Supplied records:
--- START ---

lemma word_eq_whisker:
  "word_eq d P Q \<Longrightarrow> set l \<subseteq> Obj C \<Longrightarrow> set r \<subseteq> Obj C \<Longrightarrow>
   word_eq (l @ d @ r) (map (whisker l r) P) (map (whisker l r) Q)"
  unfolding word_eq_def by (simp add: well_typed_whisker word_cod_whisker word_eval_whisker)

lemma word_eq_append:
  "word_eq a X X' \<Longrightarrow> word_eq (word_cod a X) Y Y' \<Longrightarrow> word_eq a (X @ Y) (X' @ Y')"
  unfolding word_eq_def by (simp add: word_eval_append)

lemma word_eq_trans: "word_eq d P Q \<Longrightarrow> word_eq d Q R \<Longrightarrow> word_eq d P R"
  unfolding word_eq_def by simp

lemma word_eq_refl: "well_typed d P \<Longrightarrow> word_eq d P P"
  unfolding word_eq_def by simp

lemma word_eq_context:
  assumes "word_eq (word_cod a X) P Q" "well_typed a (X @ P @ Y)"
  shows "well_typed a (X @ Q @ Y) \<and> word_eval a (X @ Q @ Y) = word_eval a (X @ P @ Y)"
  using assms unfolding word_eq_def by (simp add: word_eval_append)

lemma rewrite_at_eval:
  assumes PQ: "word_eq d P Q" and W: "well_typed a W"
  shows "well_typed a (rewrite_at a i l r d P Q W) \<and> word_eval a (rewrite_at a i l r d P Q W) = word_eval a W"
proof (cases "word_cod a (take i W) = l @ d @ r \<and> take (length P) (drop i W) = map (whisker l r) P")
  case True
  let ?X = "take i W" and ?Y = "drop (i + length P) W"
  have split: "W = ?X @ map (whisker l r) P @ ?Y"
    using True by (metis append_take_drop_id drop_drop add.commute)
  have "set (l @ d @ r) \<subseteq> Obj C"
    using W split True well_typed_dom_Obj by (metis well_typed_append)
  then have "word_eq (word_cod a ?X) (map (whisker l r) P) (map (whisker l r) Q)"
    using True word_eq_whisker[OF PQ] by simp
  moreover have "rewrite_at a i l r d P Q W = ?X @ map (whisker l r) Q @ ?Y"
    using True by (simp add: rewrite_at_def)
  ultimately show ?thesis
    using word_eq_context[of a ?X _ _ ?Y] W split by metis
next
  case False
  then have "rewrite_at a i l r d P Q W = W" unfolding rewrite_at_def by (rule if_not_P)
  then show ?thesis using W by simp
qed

--- END ---

For every line of the material above that contains the word "then", show the line.

Response area:
  then have "word_eq (word_cod a ?X) (map (whisker l r) P) (map (whisker l r) Q)"
  then have "rewrite_at a i l r d P Q W = W" unfolding rewrite_at_def by (rule if_not_P)
  then show ?thesis using W by simp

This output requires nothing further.